When browsing the web and entering your personal information, it’s always a good idea to know how to maximize your privacy and security. Just remember that anyone, in any location, can easily set up and operate a website. This is both good and bad: good because it allows a free market where anyone can express their creativity, but bad because social engineers can take advantage of that to create fake or fraudulent sites that can steal your information. Here are two ways to greatly increase your privacy and security when browsing sites. 

HTTP vs. HTTPS

Before entering any personal or confidential information (credit card info, social security numbers, etc.) on a site, you should always look to the address bar in your browser. 

If the address begins with HTTP, then this means that your browsing session with that particular server is not secured. However, if the address begins with HTTPS (HTTP + Secure), then your connection is encrypted end-to-end. Usually banks and online stores operate over HTTPS because they transmit sensitive information, such as account numbers.

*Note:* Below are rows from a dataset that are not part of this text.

(* Let $f:\mathbb{R}^n\to\mathbb{R}$ satisfy: (A1) $f\in C^\infty(\mathbb{R}^n)$; (A2) there is $M>0$ with $f(x)>0$ for all $x\notin B(0,M)$; (A3) $\nabla f(p)\neq0$ for all $p\in\mathcal{B}:=\{p:f(p)=0\}$. For $p\in\mathcal{B}$, $r>0$ and $\beta\in(0,1)$ define the open slab \[\Gamma_r(p)=\{p+v:\ v\in\mathbb{R}^n,\ |v^T\nabla f(p)|<\beta r\|\nabla f(p)\|\}.\] Then for each thickness factor $\beta\in(0,1)$ there exists a distance $\sigma_2(\beta)>0$ such that for all $p\in\mathcal{B}$ and all $0<r<\sigma_2(\beta)$, \[\mathcal{B}\cap B(p,r)\subseteq\Gamma_r(p).\]
   Context: $\|\cdot\|$ is the Euclidean norm and $B(p,r)$ the open Euclidean ball of center $p$ and radius $r$. Under (A1)–(A3), $\mathcal{B}$ is a compact smooth hypersurface. *)

theory Defs
  imports "HOL-Analysis.Analysis"
begin

fun C_k :: "nat \<Rightarrow> ('a::euclidean_space \<Rightarrow> real) \<Rightarrow> bool" where
  "C_k 0 f = continuous_on UNIV f"
| "C_k (Suc k) f = ((\<forall>x. f differentiable (at x)) \<and>
       (\<forall>v. C_k k (\<lambda>x. frechet_derivative f (at x) v)))"

definition C_infinity :: "('a::euclidean_space \<Rightarrow> real) \<Rightarrow> bool" where
  "C_infinity f = (\<forall>k. C_k k f)"

definition grad :: "('a::euclidean_space \<Rightarrow> real) \<Rightarrow> 'a \<Rightarrow> 'a" where
  "grad f p = (\<Sum>b\<in>Basis. frechet_derivative f (at p) b *\<^sub>R b)"

definition Gamma :: "('a::euclidean_space \<Rightarrow> real) \<Rightarrow> real \<Rightarrow> real \<Rightarrow> 'a \<Rightarrow> 'a set" where
  "Gamma f \<beta> r p = {p + v | v. \<bar>v \<bullet> grad f p\<bar> < \<beta> * r * norm (grad f p)}"

end

theory Submission
  imports Defs
begin

text \<open>
  The zero set is compact and the gradient is continuous, so the gradient norm is bounded
  below on it by some c > 0 and, by uniform continuity, varies by at most \<beta> c on every
  ball of a fixed radius \<sigma> centred on the zero set. Along the segment from p to another
  zero x of f, the mean value inequality applied to f y - \<nabla>f(p) \<bullet> y then gives
  |(x - p) \<bullet> \<nabla>f(p)| \<le> \<beta> c |x - p| < \<beta> r |\<nabla>f(p)|.
\<close>

lemma linear_eq_inner_sum_Basis:
  fixes L :: "'a::euclidean_space \<Rightarrow> real"
  assumes "linear L"
  shows "L v = (\<Sum>b\<in>Basis. L b *\<^sub>R b) \<bullet> v"
proof -
  have "L v = L (\<Sum>b\<in>Basis. (v \<bullet> b) *\<^sub>R b)" by (simp add: euclidean_representation)
  also have "\<dots> = (\<Sum>b\<in>Basis. (v \<bullet> b) * L b)"
    using assms by (simp add: linear_sum linear_scale)
  also have "\<dots> = (\<Sum>b\<in>Basis. L b *\<^sub>R b) \<bullet> v"
    by (simp add: inner_sum_left inner_commute[of v] mult.commute)
  finally show ?thesis .
qed

lemma has_derivative_grad:
  fixes f :: "'a::euclidean_space \<Rightarrow> real"
  assumes "f differentiable (at x)"
  shows "(f has_derivative (\<lambda>v. grad f x \<bullet> v)) (at x)"
proof -
  have f': "(f has_derivative frechet_derivative f (at x)) (at x)"
    using assms frechet_derivative_works by blast
  have "frechet_derivative f (at x) = (\<lambda>v. grad f x \<bullet> v)"
    unfolding grad_def by (rule ext, rule linear_eq_inner_sum_Basis[OF has_derivative_linear[OF f']])
  with f' show ?thesis by simp
qed

lemma continuous_on_grad:
  fixes f :: "'a::euclidean_space \<Rightarrow> real"
  assumes "C_k 1 f"
  shows "continuous_on UNIV (grad f)"
  using assms unfolding grad_def by (intro continuous_intros) simp

lemma compact_zero_set:
  fixes f :: "'a::euclidean_space \<Rightarrow> real"
  assumes "continuous_on UNIV f" and "\<forall>x. x \<notin> ball 0 M \<longrightarrow> f x > 0"
  shows "compact {x. f x = 0}"
proof (unfold compact_eq_bounded_closed, intro conjI)
  show "bounded {x. f x = 0}"
    using assms(2) by (intro bounded_subset[OF bounded_ball, of _ 0 M]) force
  show "closed {x. f x = 0}"
    using assms(1) by (simp add: closed_Collect_eq)
qed

lemma continuous_on_uniformly_near_compact:
  fixes g :: "'a::euclidean_space \<Rightarrow> 'b::metric_space"
  assumes "continuous_on UNIV g" and "compact K" and "e > 0"
  obtains d where "d > 0" "\<And>p y. p \<in> K \<Longrightarrow> dist y p < d \<Longrightarrow> dist (g y) (g p) < e"
proof -
  obtain R where R: "\<And>p. p \<in> K \<Longrightarrow> norm p \<le> R"
    using compact_imp_bounded[OF assms(2)] unfolding bounded_iff by blast
  have "uniformly_continuous_on (cball 0 (R + 1)) g"
    by (intro compact_uniformly_continuous continuous_on_subset[OF assms(1)]) auto
  then obtain d where d: "d > 0"
    "\<And>x x'. x \<in> cball 0 (R + 1) \<Longrightarrow> x' \<in> cball 0 (R + 1) \<Longrightarrow> dist x' x < d \<Longrightarrow>
       dist (g x') (g x) < e"
    unfolding uniformly_continuous_on_def using assms(3) by blast
  show thesis
  proof (rule that[of "min d 1"])
    fix p y assume "p \<in> K" "dist y p < min d 1"
    moreover have "norm y \<le> norm p + dist y p"
      using norm_triangle_sub[of y p] by (simp add: dist_norm)
    ultimately show "dist (g y) (g p) < e"
      using R[of p] by (intro d(2)) auto
  qed (use d in simp)
qed

lemma abs_inner_grad_le_on_level_set:
  fixes f :: "'a::euclidean_space \<Rightarrow> real"
  assumes "convex S" "x \<in> S" "p \<in> S" "f x = f p"
    and deriv: "\<And>y. y \<in> S \<Longrightarrow> (f has_derivative (\<lambda>v. g y \<bullet> v)) (at y within S)"
    and close: "\<And>y. y \<in> S \<Longrightarrow> norm (g y - g p) \<le> e"
  shows "\<bar>(x - p) \<bullet> g p\<bar> \<le> e * norm (x - p)"
proof -
  define \<phi> where "\<phi> y = f y - g p \<bullet> y" for y
  have "norm (\<phi> x - \<phi> p) \<le> e * norm (x - p)"
  proof (rule differentiable_bound[OF \<open>convex S\<close>, where f'="\<lambda>y v. (g y - g p) \<bullet> v"])
    fix y assume y: "y \<in> S"
    show "(\<phi> has_derivative (\<lambda>v. (g y - g p) \<bullet> v)) (at y within S)"
      unfolding \<phi>_def inner_diff_left
      by (intro derivative_intros deriv[OF y])
    show "onorm (\<lambda>v. (g y - g p) \<bullet> v) \<le> e"
    proof (rule onorm_le)
      fix v
      have "norm ((g y - g p) \<bullet> v) \<le> norm (g y - g p) * norm v"
        using Cauchy_Schwarz_ineq2 by simp
      also have "\<dots> \<le> e * norm v" using close[OF y] by (simp add: mult_right_mono)
      finally show "norm ((g y - g p) \<bullet> v) \<le> e * norm v" .
    qed
  qed (use assms in auto)
  moreover have "\<phi> x - \<phi> p = - ((x - p) \<bullet> g p)"
    unfolding \<phi>_def using \<open>f x = f p\<close> by (simp add: inner_diff inner_commute)
  ultimately show ?thesis by simp
qed

lemma compact_norm_bounded_below:
  fixes g :: "'a::topological_space \<Rightarrow> 'b::real_normed_vector"
  assumes "compact S" "continuous_on S g" "\<And>p. p \<in> S \<Longrightarrow> g p \<noteq> 0"
  obtains c where "c > 0" "\<And>p. p \<in> S \<Longrightarrow> c \<le> norm (g p)"
proof (cases "S = {}")
  case False
  obtain q where "q \<in> S" "\<And>p. p \<in> S \<Longrightarrow> norm (g q) \<le> norm (g p)"
    using continuous_attains_inf[OF assms(1) False continuous_on_norm[OF assms(2)]] by blast
  with assms(3) show thesis by (intro that[of "norm (g q)"]) auto
qed (use that[of 1] in simp)

theorem lemma3:
  fixes f :: "'a::euclidean_space \<Rightarrow> real"
  assumes A1: "C_infinity f"
    and A2: "\<exists>M>0. \<forall>x. x \<notin> ball 0 M \<longrightarrow> f x > 0"
    and A3: "\<forall>p. f p = 0 \<longrightarrow> grad f p \<noteq> 0"
    and beta: "0 < \<beta>" "\<beta> < 1"
  shows "\<exists>\<sigma>>0. \<forall>p r. f p = 0 \<longrightarrow> 0 < r \<longrightarrow> r < \<sigma> \<longrightarrow>
           {x. f x = 0} \<inter> ball p r \<subseteq> Gamma f \<beta> r p"
proof -
  obtain M where M: "\<forall>x. x \<notin> ball 0 M \<longrightarrow> f x > 0" using A2 by blast
  have C1: "C_k 1 f" using A1 unfolding C_infinity_def by blast
  then have diff: "\<And>x. f differentiable (at x)" by simp
  then have "continuous_on UNIV f"
    by (simp add: continuous_at_imp_continuous_on differentiable_imp_continuous_within)
  then have Z: "compact {x. f x = 0}" using M by (rule compact_zero_set)
  obtain c where c: "c > 0" "\<And>p. f p = 0 \<Longrightarrow> c \<le> norm (grad f p)"
    using compact_norm_bounded_below[OF Z continuous_on_subset[OF continuous_on_grad[OF C1]]] A3
    by auto
  obtain \<sigma> where \<sigma>: "\<sigma> > 0"
    "\<And>p y. f p = 0 \<Longrightarrow> dist y p < \<sigma> \<Longrightarrow> dist (grad f y) (grad f p) < \<beta> * c"
    using continuous_on_uniformly_near_compact[OF continuous_on_grad[OF C1] Z, of "\<beta> * c"]
      beta c by auto
  show ?thesis
  proof (intro exI[of _ \<sigma>] conjI allI impI subsetI)
    fix p r x
    assume p: "f p = 0" and r: "0 < r" "r < \<sigma>" and x: "x \<in> {x. f x = 0} \<inter> ball p r"
    have "\<bar>(x - p) \<bullet> grad f p\<bar> \<le> \<beta> * c * norm (x - p)"
    proof (rule abs_inner_grad_le_on_level_set[of "ball p r" x p f "grad f"])
      fix y assume "y \<in> ball p r"
      then show "norm (grad f y - grad f p) \<le> \<beta> * c"
        using \<sigma>(2)[OF p, of y] r by (simp add: dist_norm norm_minus_commute)
    qed (use x p r has_derivative_at_withinI[OF has_derivative_grad[OF diff]] in auto)
    also have "\<dots> < \<beta> * c * r"
      using x c beta by (simp add: dist_norm norm_minus_commute)
    also have "\<dots> \<le> \<beta> * r * norm (grad f p)"
      using c(2)[OF p] beta r by simp
    finally show "x \<in> Gamma f \<beta> r p"
      unfolding Gamma_def by (intro CollectI exI[of _ "x - p"]) auto
  qed (rule \<sigma>(1))
qed

end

You should never submit sensitive information over an HTTP connection.

Invalid Certificates 

With HTTPS traffic, websites must install an SSL (secure sockets layer) certificate that promotes encryption and decryption of information sent to and from the server and your web browser. These certificates are given out by a certificate authority after the website owner has been verified. 

Safari (and other browsers) include checks to make sure that the SSL certificate that a website presents over an HTTPS connection is valid and not expired. If the certificate has expired, you will be alerted. When a certificate has expired, it is usually a good indication that the website you are trying to browse is fraudulent, except in rare cases where the website owner forgot to renew the certificate. Either way, you should never submit sensitive information to a website with an expired certificate.